▸ DIRECTIONS FOR THIS TASK
Could you write out the records exactly as they are given?

[Collected data]
(* Let $S^0$ be an adequate semigroup with semilattice of idempotents $E^0$. Let $L$ be a left adequate semigroup and $R$ a right adequate semigroup and suppose that $S^0$ is a common quasi-ideal adequate transversal of $L$ and $R$. For $x\in L$ write $x=e_x\overline{x}f_x$ and for $a\in R$ write $a=e_a\overline{a}f_a$ for the factorisations given by the transversal $S^0$ (so $\overline{x},\overline{a}\in S^0$, $e_x\in E(L)$, $f_x\in E^0$, $e_a\in E^0$, $f_a\in E(R)$). Let $R\times L\to S^0$ be a map denoted by $(a,x)\mapsto a\ast x$ and suppose that $\ast$ satisfies (1) for all $y,z\in L$, $a,b\in R$ with $\overline{y}=\overline{b}$, $(a\ast y)f_b\ast z = a\ast e_y(b\ast z)$; (2) if $a\in S^0$ or $x\in S^0$ then $a\ast x = ax$. Let $T = \{(x,a)\in L\times R : \overline{x} = \overline{a}\}$ and define $(x,a)(y,b)=(e_x(a\ast y),(a\ast y)f_b)$. Then $T$ is an abundant semigroup with a quasi-ideal adequate transversal $T^0=\{(s,s):s\in S^0\}$ with $T^0\cong S^0$. Moreover every abundant semigroup with a quasi-ideal adequate transversal can be constructed (up to isomorphism) in this way.
   Context: A semigroup is abundant if every ${\cal R}^\ast$-class and every ${\cal L}^\ast$-class contains an idempotent; it is adequate if moreover its idempotents commute; it is left (resp. right) adequate if it is abundant and every ${\cal R}^\ast$-class (resp. ${\cal L}^\ast$-class) contains a unique idempotent. For $a$ in an adequate semigroup, $a^+$ and $a^\ast$ denote the unique idempotents in the ${\cal R}^\ast$- and ${\cal L}^\ast$-classes of $a$. An adequate $\ast$-subsemigroup $S^0$ of an abundant semigroup $S$ is an adequate transversal if each $x\in S$ has a unique $\overline{x}\in S^0$ and idempotents $e_x,f_x\in E(S)$ with $x=e_x\overline{x}f_x$, $e_x\,{\cal L}\,\overline{x}^+$, $f_x\,{\cal R}\,\overline{x}^\ast$ ($e_x,f_x$ are then uniquely determined). $S^0$ is a quasi-ideal if $S^0SS^0\subseteq S^0$. *)

theory Defs
  imports Main
begin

▸ ANSWER SECTION
(* Let $S^0$ be an adequate semigroup with semilattice of idempotents $E^0$. Let $L$ be a left adequate semigroup and $R$ a right adequate semigroup and suppose that $S^0$ is a common quasi-ideal adequate transversal of $L$ and $R$. For $x\in L$ write $x=e_x\overline{x}f_x$ and for $a\in R$ write $a=e_a\overline{a}f_a$ for the factorisations given by the transversal $S^0$ (so $\overline{x},\overline{a}\in S^0$, $e_x\in E(L)$, $f_x\in E^0$, $e_a\in E^0$, $f_a\in E(R)$). Let $R\times L\to S^0$ be a map denoted by $(a,x)\mapsto a\ast x$ and suppose that $\ast$ satisfies (1) for all $y,z\in L$, $a,b\in R$ with $\overline{y}=\overline{b}$, $(a\ast y)f_b\ast z = a\ast e_y(b\ast z)$; (2) if $a\in S^0$ or $x\in S^0$ then $a\ast x = ax$. Let $T = \{(x,a)\in L\times R : \overline{x} = \overline{a}\}$ and define $(x,a)(y,b)=(e_x(a\ast y),(a\ast y)f_b)$. Then $T$ is an abundant semigroup with a quasi-ideal adequate transversal $T^0=\{(s,s):s\in S^0\}$ with $T^0\cong S^0$. Moreover every abundant semigroup with a quasi-ideal adequate transversal can be constructed (up to isomorphism) in this way.
   Context: A semigroup is abundant if every ${\cal R}^\ast$-class and every ${\cal L}^\ast$-class contains an idempotent; it is adequate if moreover its idempotents commute; it is left (resp. right) adequate if it is abundant and every ${\cal R}^\ast$-class (resp. ${\cal L}^\ast$-class) contains a unique idempotent. For $a$ in an adequate semigroup, $a^+$ and $a^\ast$ denote the unique idempotents in the ${\cal R}^\ast$- and ${\cal L}^\ast$-classes of $a$. An adequate $\ast$-subsemigroup $S^0$ of an abundant semigroup $S$ is an adequate transversal if each $x\in S$ has a unique $\overline{x}\in S^0$ and idempotents $e_x,f_x\in E(S)$ with $x=e_x\overline{x}f_x$, $e_x\,{\cal L}\,\overline{x}^+$, $f_x\,{\cal R}\,\overline{x}^\ast$ ($e_x,f_x$ are then uniquely determined). $S^0$ is a quasi-ideal if $S^0SS^0\subseteq S^0$. *)

theory Defs
  imports Main
begin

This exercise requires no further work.